---
title: Columnar Storage
description: Column-oriented indexing for fast filtering, sorting, and aggregates
canonical: https://docs.paradedb.com/documentation/indexing/columnar
---
By default, all non-text and non-JSON fields are indexed using ParadeDB's columnar format.
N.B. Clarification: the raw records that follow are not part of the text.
lemma exists_coupling:
  fixes wA :: "('a::topological_space \<Rightarrow> complex) \<Rightarrow> complex"
    and wB :: "('b::topological_space \<Rightarrow> complex) \<Rightarrow> complex"
  assumes wA: "is_state wA" and wB: "is_state wB"
  obtains w where "is_state w" "push_state fst w = wA" "push_state snd w = wB"
proof -
  define \<Phi> :: "('a \<Rightarrow>\<^sub>C real) \<times> ('b \<Rightarrow>\<^sub>C real) \<Rightarrow> (('a \<times> 'b) \<Rightarrow>\<^sub>C real) \<times> real" where
    "\<Phi> = (\<lambda>(gA, gB). (bcontfun_comp gA fst + bcontfun_comp gB snd, state_re wA gA + state_re wB gB))"
  have lin_fst: "linear (\<lambda>g. bcontfun_comp g (fst :: 'a \<times> 'b \<Rightarrow> 'a))"
    and lin_snd: "linear (\<lambda>g. bcontfun_comp g (snd :: 'a \<times> 'b \<Rightarrow> 'b))"
    by (simp_all add: linear_bcontfun_comp continuous_on_fst continuous_on_snd)
  have "linear \<Phi>"
    by (rule linearI)
      (auto simp: \<Phi>_def linear_add[OF lin_fst] linear_add[OF lin_snd] linear_scale[OF lin_fst]
        linear_scale[OF lin_snd] linear_add[OF linear_state_re[OF wA]]
        linear_add[OF linear_state_re[OF wB]] linear_scale[OF linear_state_re[OF wA]]
        linear_scale[OF linear_state_re[OF wB]] algebra_simps)
  then have "subspace (range \<Phi>)"
    by (rule linear_subspace_image[OF _ subspace_UNIV])
  moreover have
    "state_re wA gA + state_re wB gB \<le> Sup_bcontfun (bcontfun_comp gA fst + bcontfun_comp gB snd)"
    for gA gB
    using add_mono[OF state_re_le_Sup[OF wA] state_re_le_Sup[OF wB]] Sup_bcontfun_fst_snd
    by (rule order_trans)
  ultimately have "Sup_bcontfun.dominated_graph (range \<Phi>)"
    by (auto simp: Sup_bcontfun.dominated_graph_def \<Phi>_def)
  then obtain L where L: "linear L" "\<And>g. L g \<le> Sup_bcontfun g"
    and graph: "\<And>g a. (g, a) \<in> range \<Phi> \<Longrightarrow> L g = a"
    by (rule Sup_bcontfun.hahn_banach) blast
  have extends: "L (bcontfun_comp gA fst + bcontfun_comp gB snd) = state_re wA gA + state_re wB gB"
    for gA gB
    using rangeI[of \<Phi> "(gA, gB)"] by (intro graph) (simp add: \<Phi>_def)
  have "(\<lambda>gA. L (bcontfun_comp gA fst)) = state_re wA"
    using extends[of _ 0]
    by (simp add: fun_eq_iff linear_0[OF lin_snd] linear_0[OF linear_state_re[OF wB]])
  moreover have "(\<lambda>gB. L (bcontfun_comp gB snd)) = state_re wB"
    using extends[of 0]
    by (simp add: fun_eq_iff linear_0[OF lin_fst] linear_0[OF linear_state_re[OF wA]])
  ultimately have "push_state fst (state_of_functional L) = wA"
    and "push_state snd (state_of_functional L) = wB"
    by (simp_all add: push_state_state_of_functional continuous_on_fst continuous_on_snd
        state_of_functional_state_re wA wB)
  with is_state_state_of_functional[OF L] show ?thesis
    by (rule that)
qed

lemma is_state_convex_combination:
  fixes ws :: "'i \<Rightarrow> ('a::topological_space \<Rightarrow> complex) \<Rightarrow> complex"
  assumes "finite I" and c: "\<And>k. k \<in> I \<Longrightarrow> 0 \<le> c k" and ws: "\<And>k. k \<in> I \<Longrightarrow> is_state (ws k)"
    and "sum c I = 1"
  shows "is_state (\<lambda>f. \<Sum>k\<in>I. of_real (c k) * ws k f)"
proof (rule is_stateI)
  fix f g :: "'a \<Rightarrow> complex" assume "f \<in> Cb" "g \<in> Cb"
  then show "(\<Sum>k\<in>I. of_real (c k) * ws k (\<lambda>x. f x + g x)) =
      (\<Sum>k\<in>I. of_real (c k) * ws k f) + (\<Sum>k\<in>I. of_real (c k) * ws k g)"
    by (simp add: state_add[OF ws] distrib_left sum.distrib)
next
  fix d and f :: "'a \<Rightarrow> complex" assume "f \<in> Cb"
  then show "(\<Sum>k\<in>I. of_real (c k) * ws k (\<lambda>x. d * f x)) = d * (\<Sum>k\<in>I. of_real (c k) * ws k f)"
    by (simp add: state_scale[OF ws] sum_distrib_left mult_ac)
next
  fix f :: "'a \<Rightarrow> complex" assume "f \<in> Cb"
  then show "Im (\<Sum>k\<in>I. of_real (c k) * ws k (\<lambda>x. cnj (f x) * f x)) = 0 \<and>
      0 \<le> Re (\<Sum>k\<in>I. of_real (c k) * ws k (\<lambda>x. cnj (f x) * f x))"
    using state_positive[OF ws] c by (simp add: sum_nonneg)
next
  show "(\<Sum>k\<in>I. of_real (c k) * ws k (\<lambda>x. 1)) = 1"
    using assms(4) by (simp add: state_one[OF ws] flip: of_real_sum)
qed (simp add: state_outside[OF ws])

lemma
  fixes I :: "nat set"
  assumes "operation \<tau>"
  shows operation_is_state: "is_state w \<Longrightarrow> is_state (\<tau> w)"
    and operation_convex_combination: "finite I \<Longrightarrow> (\<And>k. k \<in> I \<Longrightarrow> 0 \<le> c k) \<Longrightarrow>
      (\<And>k. k \<in> I \<Longrightarrow> is_state (ws k)) \<Longrightarrow> sum c I = 1 \<Longrightarrow>
      \<tau> (\<lambda>f. \<Sum>k\<in>I. of_real (c k) * ws k f) = (\<lambda>f. \<Sum>k\<in>I. of_real (c k) * \<tau> (ws k) f)"
    and operation_weakly_continuous: "eventually (\<lambda>v. v \<in> states) F \<Longrightarrow> w \<in> states \<Longrightarrow>
      weakly_converges F w \<Longrightarrow> weakly_converges (filtermap \<tau> F) (\<tau> w)"
proof -
  note op = assms[unfolded operation_def]
  show "is_state w \<Longrightarrow> is_state (\<tau> w)"
    using op by (simp add: states_def)
  show "finite I \<Longrightarrow> (\<And>k. k \<in> I \<Longrightarrow> 0 \<le> c k) \<Longrightarrow> (\<And>k. k \<in> I \<Longrightarrow> is_state (ws k)) \<Longrightarrow>
      sum c I = 1 \<Longrightarrow> \<tau> (\<lambda>f. \<Sum>k\<in>I. of_real (c k) * ws k f) = (\<lambda>f. \<Sum>k\<in>I. of_real (c k) * \<tau> (ws k) f)"
    using op[THEN conjunct2, THEN conjunct1, rule_format, of I c ws] by (simp add: states_def)
  show "eventually (\<lambda>v. v \<in> states) F \<Longrightarrow> w \<in> states \<Longrightarrow> weakly_converges F w \<Longrightarrow>
      weakly_converges (filtermap \<tau> F) (\<tau> w)"
    using op[THEN conjunct2, THEN conjunct2, rule_format, of F w] by simp
qed

lemma exists_coupling_chain:
  fixes \<tau> :: "((('a::topological_space \<times> 'b::topological_space) \<Rightarrow> complex) \<Rightarrow> complex) \<Rightarrow>
               ((('a \<times> 'b) \<Rightarrow> complex) \<Rightarrow> complex)"
  assumes \<tau>: "operation \<tau>" and wA: "is_state wA"
  obtains ws where "\<And>n. is_state (ws n)" "\<And>n. push_state fst (ws n) = wA"
    "\<And>n. push_state snd (ws (Suc n)) = push_state snd (\<tau> (ws n))"
proof -
  \<comment> \<open>A point evaluation on \<open>X\<^sub>B\<close>, used only as some state to start from.\<close>
  have "is_state (push_state (\<lambda>_. undefined) wA :: ('b \<Rightarrow> complex) \<Rightarrow> complex)"
    by (rule is_state_push_state[OF continuous_on_const wA])
  then obtain w0 :: "(('a \<times> 'b) \<Rightarrow> complex) \<Rightarrow> complex"
    where w0: "is_state w0" "push_state fst w0 = wA"
    using exists_coupling[OF wA] by blast
  have step: "\<exists>w'. (is_state w' \<and> push_state fst w' = wA) \<and> push_state snd w' = push_state snd (\<tau> w)"
    if "is_state w" for w
  proof -
    have "is_state (push_state snd (\<tau> w))"
      using continuous_on_snd[OF continuous_on_id] operation_is_state[OF \<tau> that]
      by (rule is_state_push_state)
    then show ?thesis
      using exists_coupling[OF wA] by blast
  qed
  have "\<exists>ws. \<forall>n. (is_state (ws n) \<and> push_state fst (ws n) = wA) \<and>
      push_state snd (ws (Suc n)) = push_state snd (\<tau> (ws n))"
  proof (rule dependent_nat_choice)
    show "\<exists>w :: (('a \<times> 'b) \<Rightarrow> complex) \<Rightarrow> complex. is_state w \<and> push_state fst w = wA"
      using w0 by blast
    show "\<exists>w'. (is_state w' \<and> push_state fst w' = wA) \<and> push_state snd w' = push_state snd (\<tau> w)"
      if "is_state w \<and> push_state fst w = wA" for w and n :: nat
      using step that by blast
  qed
  then obtain ws where "\<forall>n. (is_state (ws n) \<and> push_state fst (ws n) = wA) \<and>
      push_state snd (ws (Suc n)) = push_state snd (\<tau> (ws n))"
    by blast
  then show ?thesis
    using that by blast
qed
lemma cyclic_solvable_if_nonzero_diag:
  fixes d e :: "nat \<Rightarrow> 'a::field"
  assumes m: "0 < m" and d: "\<And>t. t < m \<Longrightarrow> d t \<noteq> 0"
    and prod_eq: "(\<Prod>t<m. d t) = (\<Prod>t<m. e t)"
  shows "cyclic_solvable m d e"
proof -
  define u where "u = cyclic_chain d e 0"
  have chain: "d t * u t = e t * u (t - 1)" if "0 < t" "t < m" for t
    unfolding u_def using that d by (intro cyclic_chain_step) auto
  have split: "(\<Prod>t<m. f t) = f 0 * (\<Prod>t\<in>{0<..m - 1}. f t)" for f :: "nat \<Rightarrow> 'a"
  proof -
    have "{..<m} = insert 0 {0<..m - 1}" using m by auto
    then show ?thesis by simp
  qed
  have nz: "(\<Prod>t\<in>{0<..m - 1}. d t) \<noteq> 0" using d by auto
  have "d 0 * (\<Prod>t\<in>{0<..m - 1}. d t) = e 0 * (\<Prod>t\<in>{0<..m - 1}. e t)"
    using prod_eq unfolding split .
  then have "d 0 * u 0 = e 0 * u (m - 1)"
    using nz by (simp add: u_def cyclic_chain_def prod_dividef field_simps)
  then have "\<forall>t<m. d t * u t = e t * u ((t + m - 1) mod m)"
    using chain cyclic_pred_eq m by auto
  moreover have "u 0 \<noteq> 0" by (simp add: u_def cyclic_chain_def)
  ultimately show ?thesis unfolding cyclic_solvable_def using m by blast
qed

lemma cyclic_solvable_if_first_coeff_zero:
  fixes d e :: "nat \<Rightarrow> 'a::field"
  assumes e0: "e 0 = 0" and "s0 < m" "d s0 = 0"
  shows "cyclic_solvable m d e"
proof -
  \<comment> \<open>The solution starts at the last zero of \<open>d\<close>; it closes up at \<open>t = 0\<close> because \<open>e 0 = 0\<close>.\<close>
  define s where "s = Max {t. t < m \<and> d t = 0}"
  have "s \<in> {t. t < m \<and> d t = 0}"
    unfolding s_def using assms by (intro Max_in) auto
  then have s: "s < m" "d s = 0" by auto
  have d: "d t \<noteq> 0" if "s < t" "t < m" for t
    using that Max_ge[of "{t. t < m \<and> d t = 0}" t] unfolding s_def by fastforce
  define u where "u = cyclic_chain d e s"
  have chain: "d t * u t = e t * u (t - 1)" if "0 < t" "t < m" for t
    unfolding u_def using that d s(2) by (intro cyclic_chain_step) auto
  have "d 0 * u 0 = 0" using s(2) by (cases "s = 0") (auto simp: u_def cyclic_chain_def)
  then have "\<forall>t<m. d t * u t = e t * u ((t + m - 1) mod m)"
    using chain cyclic_pred_eq e0 by auto
  moreover have "u s \<noteq> 0" by (simp add: u_def cyclic_chain_def)
  ultimately show ?thesis unfolding cyclic_solvable_def using s(1) by blast
qed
This enables fast [filtering pushdown](/documentation/filtering#filter-pushdown), [Top K ordering](/documentation/sorting/topk), and
[aggregates](/documentation/aggregates/overview) over these fields. For example, in the following index definition, `rating` and `id` are columnar indexed
because they are integers, whereas `description` is not because it is text.
```sql SQL
CREATE INDEX search_idx ON mock_items
USING bm25 (id, description, rating)
WITH (key_field = 'id');
```
```python Django
from django.db import connection
from paradedb.indexes import BM25Index
with connection.schema_editor() as schema_editor:
schema_editor.add_index(
MockItem,
BM25Index(
fields={
"id": {},
"description": {},
"rating": {},
},
key_field="id",
name="search_idx",
),
)
```
```python SQLAlchemy
from sqlalchemy import Index
from paradedb.sqlalchemy import indexing
idx = Index(
"search_idx",
indexing.BM25Field(MockItem.id),
indexing.BM25Field(MockItem.description),
indexing.BM25Field(MockItem.rating),
postgresql_using="bm25",
postgresql_with={"key_field": "id"},
)
with engine.begin() as conn:
idx.create(conn)
```
```ruby Rails
ActiveRecord::Base.connection.add_bm25_index(
:mock_items,
fields: {
id: {},
description: {},
rating: {}
},
key_field: :id,
name: :search_idx
)
```
To enable columnar indexing for text and JSON fields, cast the field to a [tokenizer](/documentation/tokenizers/overview) with `columnar` set to `true`.
```sql SQL
CREATE INDEX search_idx ON mock_items
USING bm25 (id, (description::pdb.unicode_words('columnar=true')), rating)
WITH (key_field = 'id');
```
```python Django
from django.db import connection
from paradedb.indexes import BM25Index
with connection.schema_editor() as schema_editor:
schema_editor.add_index(
MockItem,
BM25Index(
fields={
"id": {},
"description": {
"tokenizer": "unicode_words",
"named_args": {"columnar": True},
},
"rating": {},
},
key_field="id",
name="search_idx",
),
)
```
```python SQLAlchemy
from sqlalchemy import Index
from paradedb.sqlalchemy import indexing
idx = Index(
"search_idx",
indexing.BM25Field(MockItem.id),
indexing.BM25Field(
MockItem.description,
tokenizer=indexing.tokenize.from_config(
{
"tokenizer": "unicode_words",
"named_args": {"columnar": True},
}
),
),
indexing.BM25Field(MockItem.rating),
postgresql_using="bm25",
postgresql_with={"key_field": "id"},
)
with engine.begin() as conn:
idx.create(conn)
```
```ruby Rails
ActiveRecord::Base.connection.add_bm25_index(
:mock_items,
fields: {
id: {},
description: {
tokenizer: :unicode_words,
named_args: { columnar: true }
},
rating: {}
},
key_field: :id,
name: :search_idx
)
```
The `columnar` option for tokenizers is available in versions `0.22.0` and
above.
Columnar defaults to `false` for all tokenizers besides [literal](/documentation/tokenizers/available-tokenizers/literal) and
[literal normalized](/documentation/tokenizers/available-tokenizers/literal-normalized), which default to
`true` and do not require an explicit setting.
The reason is that tokenized fields can represent large documents and would be expensive to store column-wise,
whereas literal and literal normalized fields are typically single-value and much more compact.
The columnar field stores the raw text value regardless of the tokenizer. For example, if `Hello world` is
split into tokens `hello` and `world`, the columnar value remains `Hello world`.
This is important because operations like filtering and sorting require the original field value, not the tokens.
Internally, Tantivy refers to columnar fields as fast fields. Our [legacy
docs](/legacy/indexing/create-index) also refer to these fields as fast.